In relation to our agreements with parties that have access to our intellectual property, any of these parties may breach their obligations to us, and we may not have adequate remedies for such breach. In relation to our security measures, such security measures may be breached and we may not have adequate remedies for such breach. In addition, our intellectual property that has not yet been applied for or registered may otherwise become known to, or be independently developed by, competitors, or may already be the subject of applications for intellectual property registrations filed by our competitors, which may have a material adverse effect on our business, financial condition and results of operations. We cannot provide any assurances that our inventions, trade secrets, technical know-how and other proprietary information will not be disclosed in violation of agreements, or that competitors will not otherwise gain access to our intellectual property or independently develop and file applications for intellectual property rights in a manner that adversely impacts our intellectual property rights. For example, we have had employees misappropriate the Company's confidential information, including intellectual property, including at least one employee who was subsequently employed by a competitor. Unauthorized parties may attempt to replicate or otherwise obtain and use our inventions, trade secrets, technical know-how and proprietary information. Policing the unauthorized use of our current or future intellectual property rights is difficult, expensive, time-consuming and unpredictable, as is enforcing these rights against unauthorized use by others. Identifying unauthorized use of intellectual property rights is difficult. For example, we may be unable to effectively monitor and evaluate the products being distributed by our competitors, including parties such as unlicensed dispensaries, and the processes used to produce such products. If the steps taken to identify and protect our trade secrets are inadequate, we may be unable to enforce our rights in them against third parties.

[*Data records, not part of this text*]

lemma grd_1_a_2a_b_ab_2b_le_grd_1_a_2a: "grd [1, a, 2*a, b, a+b, 2*b] v \<le> grd [1, a, 2*a] v"
proof (induction v rule: less_induct)
  case (less v)
  consider "v < b" | "b \<le> v" "v < a + b" | "a + b \<le> v" "v < 2*b" | "2*b \<le> v"
    by linarith
  then show ?case
  proof cases
    case 1
    then show ?thesis
      using grd_1_a_2a_b_ab_2b_less_2b grd_1_a_2a_b_ab_less_b by simp
  next
    case 2
    then have "grd [1, a, 2*a, b, a+b, 2*b] v = 1 + grd [1, a, 2*a] (v - b)"
      using double_a_less grd_1_a_2a_b_ab_2b_less_2b grd_1_a_2a_b_ab_b_le by simp
    also have "\<dots> \<le> grd [1, a, 2*a] (v - b + b)"
      using 2 by (intro grd_1_a_2a_add_b) simp
    finally show ?thesis
      using 2 by simp
  next
    case 3
    then have "grd [1, a, 2*a, b, a+b, 2*b] v = 1 + grd [1, a, 2*a] (v - (a+b))"
      using grd_1_a_2a_b_ab_2b_less_2b grd_1_a_2a_b_ab_a_plus_b_le by simp
    also have "\<dots> \<le> grd [1, a, 2*a] (v - (a+b) + (a+b))"
      by (rule grd_1_a_2a_add_a_plus_b)
    finally show ?thesis
      using 3 by simp
  next
    case 4
    then have "grd [1, a, 2*a, b, a+b, 2*b] v = 1 + grd [1, a, 2*a, b, a+b, 2*b] (v - 2*b)"
      using double_a_less by (intro grd_1_a_2a_b_ab_2b_sub_2b) simp_all
    also have "\<dots> \<le> 1 + grd [1, a, 2*a] (v - 2*b)"
      using less double_a_less 4 by simp
    also have "\<dots> \<le> 1 + grd [1, a, 2*a] (v - 2*b + (b - a))"
      using grd_1_a_2a_add_b_minus_a by simp
    also have "\<dots> \<le> grd [1, a, 2*a] (v - 2*b + (b - a) + (a+b))"
      by (rule grd_1_a_2a_add_a_plus_b)
    finally show ?thesis
      using 4 double_a_less by (simp add: algebra_simps)
  qed
qed

lemma grd_1_a_2a_b_ab_2b_le_sub_a_plus_b:
  assumes "a + b \<le> v"
  shows "grd [1, a, 2*a, b, a+b, 2*b] v \<le> 1 + grd [1, a, 2*a] (v - (a+b))"
proof (cases "v < 2*b")
  case True
  then show ?thesis
    using assms grd_1_a_2a_b_ab_2b_less_2b grd_1_a_2a_b_ab_a_plus_b_le by simp
next
  case False
  then have "grd [1, a, 2*a, b, a+b, 2*b] v = 1 + grd [1, a, 2*a, b, a+b, 2*b] (v - 2*b)"
    using double_a_less by (intro grd_1_a_2a_b_ab_2b_sub_2b) simp_all
  also have "\<dots> \<le> 1 + grd [1, a, 2*a] (v - 2*b)"
    using grd_1_a_2a_b_ab_2b_le_grd_1_a_2a by simp
  also have "\<dots> \<le> 1 + grd [1, a, 2*a] (v - 2*b + (b - a))"
    using grd_1_a_2a_add_b_minus_a by simp
  finally show ?thesis
    using False double_a_less by (simp add: algebra_simps)
qed

lemma grd_1_a_2a_b_ab_2b_le_sub_b:
  assumes "b \<le> v"
  shows "grd [1, a, 2*a, b, a+b, 2*b] v \<le> 1 + grd [1, a, 2*a] (v - b)"
proof (cases "v < a + b")
  case True
  then show ?thesis
    using assms double_a_less grd_1_a_2a_b_ab_2b_less_2b grd_1_a_2a_b_ab_b_le by simp
next
  case False
  then have "grd [1, a, 2*a, b, a+b, 2*b] v \<le> 1 + grd [1, a, 2*a] (v - (a+b))"
    by (intro grd_1_a_2a_b_ab_2b_le_sub_a_plus_b) simp
  also have "\<dots> \<le> 1 + grd [1, a, 2*a] (v - (a+b) + 1*a)"
    using grd_1_a_2a_add_mult(1)[OF a_pos, of _ 1] by (simp only: add_le_cancel_left)
  finally show ?thesis
    using False by (simp add: algebra_simps)
qed

lemma grd_1_a_2a_b_ab_2b_le_coins_b_ab:
  assumes "b*n4 + (a+b)*n5 \<le> v"
  shows "grd [1, a, 2*a, b, a+b, 2*b] v \<le> n4 + n5 + grd [1, a, 2*a] (v - (b*n4 + (a+b)*n5))"
  using assms
proof (induction "n4 + n5" arbitrary: v n4 n5 rule: less_induct)
  case less
  show ?case
  proof (cases "2 \<le> n4 + n5")
    case False
    then consider "n4 = 0" "n5 = 0" | "n4 = 1" "n5 = 0" | "n4 = 0" "n5 = 1"
      by linarith
    then show ?thesis
      using less.prems grd_1_a_2a_b_ab_2b_le_grd_1_a_2a grd_1_a_2a_b_ab_2b_le_sub_b
        grd_1_a_2a_b_ab_2b_le_sub_a_plus_b
      by cases simp_all
  next
    case True
    \<comment> \<open>Trade i coins b and j coins a+b (i + j = 2) for 2b plus j a;
      the j a cost the (1, a, 2a)-greedy at most one coin.\<close>
    define i j where "i = min n4 2" and "j = 2 - min n4 2"
    have "i + j = 2"
      by (simp add: i_def j_def)
    moreover have "i \<le> n4" "j \<le> n5"
      using True by (simp_all add: i_def j_def)
    ultimately obtain n4' n5' where n4: "n4 = n4' + i" and n5: "n5 = n5' + j"
      by (metis le_add_diff_inverse2)
    have "b*i + (a+b)*j = b*(i + j) + j*a"
      by (simp add: algebra_simps)
    then have B: "b*n4 + (a+b)*n5 = (b*n4' + (a+b)*n5') + 2*b + j*a"
      unfolding n4 n5 \<open>i + j = 2\<close> by (simp add: algebra_simps)
    have "grd [1, a, 2*a, b, a+b, 2*b] v = 1 + grd [1, a, 2*a, b, a+b, 2*b] (v - 2*b)"
      using less.prems B double_a_less by (intro grd_1_a_2a_b_ab_2b_sub_2b) simp_all
    also have "\<dots> \<le> 1 + (n4' + n5' + grd [1, a, 2*a] (v - 2*b - (b*n4' + (a+b)*n5')))"
      using less.hyps[of n4' n5' "v - 2*b"] less.prems B \<open>i + j = 2\<close> n4 n5 by simp
    also have "v - 2*b - (b*n4' + (a+b)*n5') = (v - (b*n4 + (a+b)*n5)) + j*a"
      using less.prems B by simp
    also have "grd [1, a, 2*a] \<dots> \<le> grd [1, a, 2*a] (v - (b*n4 + (a+b)*n5)) + 1"
    proof -
      have "(j + 1) div 2 \<le> 1"
        using \<open>i + j = 2\<close> by presburger
      then show ?thesis
        using grd_1_a_2a_add_mult(2)[OF a_pos, of "v - (b*n4 + (a+b)*n5)" j] by linarith
    qed
    finally show ?thesis
      using n4 n5 \<open>i + j = 2\<close> by linarith
  qed
qed

lemma grd_1_a_2a_b_ab_2b_le_coins:
  assumes "b*n4 + (a+b)*n5 + 2*b*n6 \<le> v"
  shows "grd [1, a, 2*a, b, a+b, 2*b] v
    \<le> n4 + n5 + n6 + grd [1, a, 2*a] (v - (b*n4 + (a+b)*n5 + 2*b*n6))"
  using assms
proof (induction n6 arbitrary: v)
  case 0
  then show ?case
    using grd_1_a_2a_b_ab_2b_le_coins_b_ab by simp
next
  case (Suc n6)
  have "grd [1, a, 2*a, b, a+b, 2*b] v = 1 + grd [1, a, 2*a, b, a+b, 2*b] (v - 2*b)"
    using Suc.prems double_a_less by (intro grd_1_a_2a_b_ab_2b_sub_2b) simp_all
  also have "\<dots> \<le> 1 + (n4 + n5 + n6 +
      grd [1, a, 2*a] (v - 2*b - (b*n4 + (a+b)*n5 + 2*b*n6)))"
    using Suc.prems by (simp only: add_le_cancel_left) (rule Suc.IH, simp)
  finally show ?case
    by (simp add: algebra_simps)
qed

theorem canonical_1_a_2a_b_ab_2b: "canonical [1, a, 2*a, b, a+b, 2*b]"
proof (rule canonicalI)
  fix x :: "nat list" and w
  assume "length x = length [1, a, 2*a, b, a+b, 2*b]"
    and w: "(\<Sum>i<length [1, a, 2*a, b, a+b, 2*b]. [1, a, 2*a, b, a+b, 2*b] ! i * x ! i) = w"
  then obtain n1 n2 n3 n4 n5 n6 where x: "x = [n1, n2, n3, n4, n5, n6]"
    by (auto simp: length_Suc_conv eval_nat_numeral)
  have "w = (n1 + a*n2 + 2*a*n3) + (b*n4 + (a+b)*n5 + 2*b*n6)"
    using w by (simp add: x eval_nat_numeral)
  then have "grd [1, a, 2*a, b, a+b, 2*b] w
      \<le> n4 + n5 + n6 + grd [1, a, 2*a] (n1 + a*n2 + 2*a*n3)"
    using grd_1_a_2a_b_ab_2b_le_coins[of n4 n5 n6 w] by simp
  also have "\<dots> \<le> sum_list x"
    using grd_1_a_2a_le_coins[OF a_pos, of n1 n2 n3] by (simp add: x)
  finally show "grd [1, a, 2*a, b, a+b, 2*b] w \<le> sum_list x" .
qed simp_all

end

lemma not_canonical_1_a_2a_b_ab:
  assumes "0 < a" "2*a < b" "b \<noteq> 3*a"
  shows "\<not> canonical [1, a, 2*a, b, a+b]"
proof -
  define p t where "p = b div a" and "t = b mod a"
  have b: "b = p*a + t" and "t < a"
    using assms(1) by (simp_all add: p_def t_def)
  have "2 \<le> p"
    using div_le_mono[of "2*a" b a] assms(1,2) by (simp add: p_def)
  have eq: "b - a = (p - 1)*a + t"
    using b \<open>2 \<le> p\<close> by (simp add: diff_mult_distrib)
  have "grd [1, a, 2*a] (b - a) = (p - 1 + 1) div 2 + t"
    unfolding eq by (rule grd_1_a_2a_mult_add[OF assms(1) \<open>t < a\<close>])
  moreover have "2 \<le> (p - 1 + 1) div 2 + t"
  proof (cases "t = 0")
    case True
    then have "p \<noteq> 2" "p \<noteq> 3"
      using assms(2,3) b by auto
    then show ?thesis
      using True \<open>2 \<le> p\<close> by presburger
  next
    case False
    then show ?thesis
      using \<open>2 \<le> p\<close> by presburger
  qed
  moreover have "grd [1, a, 2*a, b, a+b] (2*b) = 1 + grd [1, a, 2*a] (b - a)"
    using assms(1,2) grd_1_a_2a_b_ab_a_plus_b_le[of a b "2*b"] by simp
  ultimately have "2 < grd [1, a, 2*a, b, a+b] (2*b)"
    by linarith
  moreover have
    "(\<Sum>i<length [1, a, 2*a, b, a+b]. [1, a, 2*a, b, a+b] ! i * [0, 0, 0, 2, 0] ! i) = 2*b"
    by (simp add: eval_nat_numeral)
  ultimately show ?thesis
    using assms(2) by (intro not_canonicalI[where x = "[0, 0, 0, 2, 0]" and w = "2*b"]) simp_all
qed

The occurrence of one or more natural disasters, such as hurricanes, floods and earthquakes, unusually adverse weather, pandemic outbreaks, such as the COVID-19 virus, influenza and other highly communicable diseases or viruses, boycotts and geopolitical events, such as civil unrest in countries in which our or our joint ventures' operations are located and acts of terrorism, or similar disruptions could adversely affect our business, financial condition and results of operations. These events could result in physical damage to one or more of our or our joint ventures' properties, increases in fuel or other energy prices, the temporary or permanent closure of one or more of our or our joint ventures' facilities, the temporary lack of an adequate workforce in a market, the temporary or long-term disruption in the supply of products from suppliers, the temporary disruption in the transport of goods, delay in the delivery of goods to our or our joint ventures' facilities, and disruption to our information systems. Such events could also negatively impact consumer sentiment, reduce demand for consumer products like ours and cause general economic slowdown.